[Opening DATA FOR PROCESSING section]

(* Let $\mathcal{S}$ be a circle with one of the projective structures of the context and $\xi\in\mathrm{Vect}(\mathcal{S})$ with flow $\varphi_s$. The infinitesimal Schwarzian $\mathbf{s}(\xi)=\frac{d}{ds}\big|_{s=0}\mathbf{S}(\varphi_s)$ satisfies $\mathbf{s}(\xi)=s_1(\xi)$, where $$\mathbf{s}(\xi)=\lambda\,d\Big(\frac{d\,\mathrm{Div}\,\xi}{\lambda}\Big)\qquad\text{and}\qquad s_1(\xi)=\tfrac32\big(L_\xi\mathrm{g}_1\big)\big|_\Delta .$$
   Context: $\mathcal{S}$ is either (a) $\mathbb{R}/2\pi\mathbb{Z}$ with developing map $\Phi:\mathbb{R}\to\mathbb{R}P^1=\mathbb{R}\cup\{\infty\}$, $\Phi(\theta)=2\tan(\theta/2)$; or (b) $\mathbb{R}P^1=\mathbb{R}/\pi\mathbb{Z}$ with $\Phi(\theta)=\tan\theta$. $\lambda=\Phi^*dt$ ($t$ the affine coordinate of $\mathbb{R}P^1$), $\mathrm{Div}\,\xi=(L_\xi\lambda)/\lambda$. For $\varphi\in\mathrm{Diff}_+(\mathcal{S})$, $\tilde\varphi$ is the diffeomorphism of $\mathbb{R}P^1$ with $\tilde\varphi\circ\Phi=\Phi\circ\varphi$ and $\mathbf{S}(\varphi)=\Phi^*S(\tilde\varphi)$, $S(\tilde\varphi)=\big(\tilde\varphi'''/\tilde\varphi'-\tfrac32(\tilde\varphi''/\tilde\varphi')^2\big)dt^2$. $\mathrm{g}_1$ is the Lorentz metric on $\mathcal{S}\times\mathcal{S}-\Delta$ obtained by descending $(\Phi\times\Phi)^*\big(4\,dt_1dt_2/(t_1-t_2)^2\big)$; $L_\xi$ is the Lie derivative along $\xi\oplus\xi$; $L_\xi\mathrm{g}_1$ extends smoothly to the diagonal $\Delta$ and $|_\Delta$ is pullback by $\theta\mapsto(\theta,\theta)$. *)

theory Defs
  imports "HOL-Analysis.Analysis"
begin
lemma inj_on_faces_if_inj_on_sides:
  assumes \<phi>: "cmap X Y \<phi>" and X: "complex2 X" and inj: "inj_on (ms \<phi>) (cx_S X)"
  shows "inj_on (mf \<phi>) (cx_F X)"
proof (rule inj_onI)
  fix f\<^sub>1 f\<^sub>2 assume f: "f\<^sub>1 \<in> cx_F X" "f\<^sub>2 \<in> cx_F X" "mf \<phi> f\<^sub>1 = mf \<phi> f\<^sub>2"
  obtain s\<^sub>1 where s\<^sub>1: "s\<^sub>1 \<in> cx_S X" "cx_fc X s\<^sub>1 = f\<^sub>1" using complex2D(5)[OF X f(1)] by blast
  have "ms \<phi> s\<^sub>1 \<in> {t \<in> cx_S Y. cx_fc Y t = mf \<phi> f\<^sub>2}"
    using cmapD(4,7)[OF \<phi>] s\<^sub>1 f(3) by auto
  also have "\<dots> = ms \<phi> ` {s \<in> cx_S X. cx_fc X s = f\<^sub>2}"
    using bij_betw_imp_surj_on[OF cmapD(11)[OF \<phi> f(2)]] by simp
  finally obtain s\<^sub>2 where s\<^sub>2: "s\<^sub>2 \<in> cx_S X" "cx_fc X s\<^sub>2 = f\<^sub>2" "ms \<phi> s\<^sub>2 = ms \<phi> s\<^sub>1"
    by auto
  then have "s\<^sub>2 = s\<^sub>1" using inj_onD[OF inj] s\<^sub>1(1) by blast
  with s\<^sub>1 s\<^sub>2 show "f\<^sub>1 = f\<^sub>2" by simp
qed
lemma fmat_mult_mem: "(c, u) \<in> set (fmat_mult n A B k l) \<Longrightarrow>
  \<exists>m a u1 b u2. (a, u1) \<in> set (A k m) \<and> (b, u2) \<in> set (B m l) \<and> u = u1 @ u2"
  unfolding fmat_mult_def fsum_mult_def by (clarsimp; blast)

lemma phi_word_fmat_mem: "w \<in> words n \<Longrightarrow> (c, u) \<in> set (phi_word_fmat n w k l) \<Longrightarrow> u \<in> words n
    \<and> perm_word u = perm_word w"
proof (induction w arbitrary: c u k l)
  case Nil
  then have "u = []" using fmat_one_mem[of c u k l] by simp
  then show ?case by simp
next
  case (Cons x w)
  obtain m a u1 b u2 where mem: "(a, u1) \<in> set (phi_letter_fmat x k m)"
    "(b, u2) \<in> set (phi_word_fmat n w m l)" "u = u1 @ u2"
    using fmat_mult_mem[of c u n "phi_letter_fmat x" "phi_word_fmat n w" k l] Cons.prems by auto
  have 1: "u1 \<in> words n \<and> perm_word u1 = perm_word [x]"
    using phi_letter_fmat_mem[OF _ mem(1)] Cons.prems by auto
  have 2: "u2 \<in> words n \<and> perm_word u2 = perm_word w" using Cons.IH[OF _ mem(2)] Cons.prems by auto
  have "perm_word (x # w) = perm_word [x] \<circ> perm_word w" using perm_word_append[of "[x]" w] by simp
  then show ?case using 1 2 mem(3) by (simp add: perm_word_append)
qed

lemma Pn_phi_word:
  assumes "\<beta> \<in> Pn n"
  obtains w where "w \<in> words n" "braid_word w" "perm_word w = id" "\<beta> = cls n w" "phi n \<beta>
      = gmat_of n (phi_word_fmat n w)"
proof -
  obtain w0 where w0: "w0 \<in> words n" "braid_word w0" "perm_word w0 = id" "\<beta> = cls n w0"
    using assms unfolding Pn_def by blast
  define w where "w = (SOME w. w \<in> \<beta> \<and> w \<in> words n \<and> (\<forall>x \<in> set w. is_BS (fst x)))"
  have "w \<in> \<beta> \<and> w \<in> words n \<and> (\<forall>x \<in> set w. is_BS (fst x))"
    unfolding w_def by (rule someI[of _ w0]) (use w0 cls_self in auto)
  then have w: "w \<in> words n" "braid_word w" "eqv n w w0" using w0(4) unfolding cls_def by auto
  have "perm_word w = id" using eqv_perm_word[OF w(3)] w0(3) by simp
  moreover have "\<beta> = cls n w" using w(3) w0(4) cls_eq_iff by blast
  moreover have "phi n \<beta> = gmat_of n (phi_word_fmat n w)" unfolding phi_def w_def[symmetric]
    by (rule phi_word_eq_gmat_of)
  ultimately show ?thesis using that w by blast
qed

lemma phi_entries_in_ZFP:
  assumes "\<beta> \<in> Pn n"
  shows "in_ZFP n (phi n \<beta> k l)"
proof -
  obtain w where w: "w \<in> words n" "perm_word w = id" "phi n \<beta> = gmat_of n (phi_word_fmat n w)"
    using Pn_phi_word[OF assms] by blast
  have "supp (phi n \<beta> k l) \<subseteq> cls n ` snd ` set (phi_word_fmat n w k l)"
    using w(3) supp_gring_of by (simp add: gmat_of_def)
  also have "\<dots> \<subseteq> FP n"
    unfolding FP_eq_pure_classes using phi_word_fmat_mem[OF w(1)] w(2) by fastforce
  finally show ?thesis
    unfolding in_ZFP_def using w(3) finite_supp_gring_of by (simp add: gmat_of_def)
qed


section \<open>Applying a representation of \<open>F\<^sub>n \<rtimes> P\<^sub>n\<close> blockwise\<close>

lemma group_FPgroup: "group (FPgroup n)"
proof -
  have "Fn n \<union> Pn n \<subseteq> carrier (FB n)"
    by (auto simp: Fn_def Pn_def carrier_FB)
  then have "subgroup (FP n) (FB n)"
    unfolding FP_def by (rule group.generate_is_subgroup[OF group_FB])
  then show ?thesis
    unfolding FPgroup_def by (rule subgroup.subgroup_is_group[OF _ group_FB])
qed

lemma hom_GL_one:
  assumes r: "r \<in> hom G (GL d)" and G: "monoid G"
  shows "r \<one>\<^bsub>G\<^esub> = 1\<^sub>m d"
proof -
  let ?e = "r \<one>\<^bsub>G\<^esub>"
  have e: "?e \<in> carrier_mat d d" "invertible_mat ?e" "?e = ?e * ?e"
    using r monoid.one_closed[OF G] monoid.l_one[OF G, of "\<one>\<^bsub>G\<^esub>"]
    unfolding hom_def GL_def by force+
  obtain B where B: "B \<in> carrier_mat d d" "B * ?e = 1\<^sub>m d"
    using e invertible_mat_iff by blast
  have "?e = (B * ?e) * ?e" using B e by simp
  also have "\<dots> = B * (?e * ?e)" by (rule assoc_mult_mat) (use B e in auto)
  also have "\<dots> = 1\<^sub>m d" using e B by simp
  finally show ?thesis .
qed

lemma hom_FPgroup_GL:
  assumes "r \<in> hom (FPgroup n) (GL d)"
  shows "X \<in> FP n \<Longrightarrow> r X \<in> carrier_mat d d"
    and "X \<in> FP n \<Longrightarrow> Y \<in> FP n \<Longrightarrow> r (X \<otimes>\<^bsub>FB n\<^esub> Y) = r X * r Y"
    and "r (cls n []) = 1\<^sub>m d"
  using assms hom_GL_one[OF assms group.is_monoid[OF group_FPgroup]]
  unfolding hom_def GL_def by (auto simp: FPgroup_def one_FB)

lemma index_mult_mat_sum:
  assumes "A \<in> carrier_mat k k" "B \<in> carrier_mat k k" "p < k" "q < k"
  shows "(A * B) $$ (p, q) = (\<Sum>e<k. A $$ (p, e) * B $$ (e, q))"
  using assms by (simp add: scalar_prod_def atLeast0LessThan)

definition eval_fsum ::
    "(word set \<Rightarrow> complex mat) \<Rightarrow> nat \<Rightarrow> fsum \<Rightarrow> nat \<Rightarrow> nat \<Rightarrow> complex" where
  "eval_fsum r n L p q = (\<Sum>(c, w) \<leftarrow> L. of_int c * r (cls n w) $$ (p, q))"

lemma eval_fsum_simps [simp]:
  "eval_fsum r n [] p q = 0"
  "eval_fsum r n ((c, w) # L) p q = of_int c * r (cls n w) $$ (p, q) + eval_fsum r n L p q"
  "eval_fsum r n (A @ B) p q = eval_fsum r n A p q + eval_fsum r n B p q"
  by (simp_all add: eval_fsum_def)

lemma eval_fsum_concat: "eval_fsum r n (concat (map F xs)) p q
    = sum_list (map (\<lambda>m. eval_fsum r n (F m) p q) xs)"
  by (induction xs) auto

lemma rho_lin_gring_of:
  assumes "p < d" "q < d"
  shows "rho_lin d r (gring_of n L) $$ (p, q) = eval_fsum r n L p q"
  using assms by (simp add: rho_lin_def eval_fsum_def sum_supp_gring_of)

definition fsum_in_FP :: "nat \<Rightarrow> fsum \<Rightarrow> bool" where
  "fsum_in_FP n L \<longleftrightarrow> (\<forall>x \<in> set L. cls n (snd x) \<in> FP n)"

lemma eval_fsum_map:
  assumes hr: "r \<in> hom (FPgroup n) (GL d)" and u: "cls n u \<in> FP n" and B: "fsum_in_FP n B"
    and pq: "p < d" "q < d"
  shows "eval_fsum r n (map (\<lambda>(b, v). (a * b, u @ v)) B) p q
      = (\<Sum>e<d. (of_int a * r (cls n u) $$ (p, e)) * eval_fsum r n B e q)"
  using B
proof (induction B)
  case Nil then show ?case by simp
next
  case (Cons y B)
  obtain b v where y: "y = (b, v)" by (cases y)
  have v: "cls n v \<in> FP n" using Cons.prems y by (auto simp: fsum_in_FP_def)
  have IH: "eval_fsum r n (map (\<lambda>(b, v). (a * b, u @ v)) B) p q
      = (\<Sum>e<d. (of_int a * r (cls n u) $$ (p, e)) * eval_fsum r n B e q)"
    using Cons by (auto simp: fsum_in_FP_def)
  have "r (cls n (u @ v)) $$ (p, q) = (\<Sum>e<d. r (cls n u) $$ (p, e) * r (cls n v) $$ (e, q))"
    using hom_FPgroup_GL[OF hr] u v pq by (simp add: mult_FB_cls[symmetric] index_mult_mat_sum)
  then have "of_int (a * b) * r (cls n (u @ v)) $$ (p, q)
    = (\<Sum>e<d. (of_int a * r (cls n u) $$ (p, e)) * (of_int b * r (cls n v) $$ (e, q)))"
    by (simp add: sum_distrib_left mult_ac)
  then show ?case using IH y by (simp add: sum.distrib distrib_left)
qed

lemma eval_fsum_fsum_mult:
  assumes hr: "r \<in> hom (FPgroup n) (GL d)" and A: "fsum_in_FP n A" and B: "fsum_in_FP n B"
    and pq: "p < d" "q < d"
  shows "eval_fsum r n (fsum_mult A B) p q = (\<Sum>e<d. eval_fsum r n A p e * eval_fsum r n B e q)"
  using A
proof (induction A)
  case Nil then show ?case by simp
next
  case (Cons y A)
  obtain a u where y: "y = (a, u)" by (cases y)
  have u: "cls n u \<in> FP n" using Cons.prems y by (auto simp: fsum_in_FP_def)
  have IH: "eval_fsum r n (fsum_mult A B) p q = (\<Sum>e<d. eval_fsum r n A p e * eval_fsum r n B e q)"
    using Cons by (auto simp: fsum_in_FP_def)
  show ?case using IH y eval_fsum_map[OF hr u B pq] by (simp add: sum.distrib distrib_right)
qed

definition rho_blocks :: "(word set \<Rightarrow> complex mat) \<Rightarrow> nat \<Rightarrow> nat \<Rightarrow> gmat \<Rightarrow> complex mat" where
  "rho_blocks r n d M
      = mat (n * d) (n * d) (\<lambda>(a, b). rho_lin d r (M (a div d + 1) (b div d + 1)) $$ (a mod d, b mod d))"

lemma rho_plus_eq_rho_blocks: "rho_plus n d r \<beta> = rho_blocks r n d (phi n \<beta>)"
  by (simp add: rho_plus_def rho_blocks_def)

lemma block_index: "(a::nat) < n * d \<Longrightarrow> a div d + 1 \<in> {1..n} \<and> a mod d < d"
  by (cases "d = 0") (auto simp: less_mult_imp_div_less Suc_le_eq)

lemma rho_blocks_gmat_of: "a < n * d \<Longrightarrow> b < n * d \<Longrightarrow>
  rho_blocks r n d (gmat_of n A) $$ (a, b) = eval_fsum r n (A (a div d + 1) (b div d + 1)) (a mod d) (b mod d)"
  using block_index[of a n d] block_index[of b n d]
    by (simp add: rho_blocks_def gmat_of_def rho_lin_gring_of)

lemma rho_blocks_fmat_eq: "fmat_eq n A B \<Longrightarrow> rho_blocks r n d (gmat_of n A)
    = rho_blocks r n d (gmat_of n B)"
  unfolding rho_blocks_def gmat_of_def fmat_eq_def by (rule eq_matI) (use block_index in auto)

lemma sum_block_reindex:
  fixes n d :: nat and g :: "nat \<Rightarrow> nat \<Rightarrow> 'a :: comm_monoid_add"
  shows "(\<Sum>c<n * d. g (c div d) (c mod d)) = (\<Sum>m<n. \<Sum>e<d. g m e)"
proof -
  have bij: "bij_betw (\<lambda>(m, e). m * d + e) ({..<n} \<times> {..<d}) {..<n * d}"
  proof (rule bij_betw_byWitness[where f'="\<lambda>c. (c div d, c mod d)"])
    show "\<forall>a\<in>{..<n} \<times> {..<d}. (\<lambda>c. (c div d, c mod d)) (case a of (m, e) \<Rightarrow> m * d + e) = a"
      by auto
    show "\<forall>a'\<in>{..<n * d}. (case (a' div d, a' mod d) of (m, e) \<Rightarrow> m * d + e) = a'"
      by simp
    show "(\<lambda>(m, e). m * d + e) ` ({..<n} \<times> {..<d}) \<subseteq> {..<n * d}"
    proof -
      have "m * d + e < n * d" if "m < n" "e < d" for m e
      proof -
        have "m * d + e < (m + 1) * d" using that by simp
        also have "\<dots> \<le> n * d" using \<open>m < n\<close> by (intro mult_le_mono1) simp
        finally show ?thesis .
      qed
      then show ?thesis by auto
    qed
    show "(\<lambda>c. (c div d, c mod d)) ` {..<n * d} \<subseteq> {..<n} \<times> {..<d}"
      using block_index by (force simp: Suc_le_eq)
  qed
  have "(\<Sum>c<n * d. g (c div d) (c mod d)) = (\<Sum>x\<in>{..<n} \<times> {..<d}.
      g ((case x of (m, e) \<Rightarrow> m * d + e) div d) ((case x of (m, e) \<Rightarrow> m * d + e) mod d))"
    by (rule sum.reindex_bij_betw[OF bij, symmetric])
  also have "\<dots> = (\<Sum>x\<in>{..<n} \<times> {..<d}. g (fst x) (snd x))" by (rule sum.cong) auto
  also have "\<dots> = (\<Sum>m<n. \<Sum>e<d. g m e)"
    by (simp add: sum.cartesian_product case_prod_beta)
  finally show ?thesis .
qed

lemma rho_blocks_carrier: "rho_blocks r n d M \<in> carrier_mat (n * d) (n * d)"
  by (simp add: rho_blocks_def)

[Closing DATA FOR PROCESSING section]

◆ WHAT IS NEEDED
Go through the entries above and copy out every line that includes the word "assms".

◆ RESULT OF THIS EXERCISE
    using assms unfolding Pn_def by blast
    using Pn_phi_word[OF assms] by blast
  using assms hom_GL_one[OF assms group.is_monoid[OF group_FPgroup]]
  using assms by (simp add: scalar_prod_def atLeast0LessThan)
  using assms by (simp add: rho_lin_def eval_fsum_def sum_supp_gring_of)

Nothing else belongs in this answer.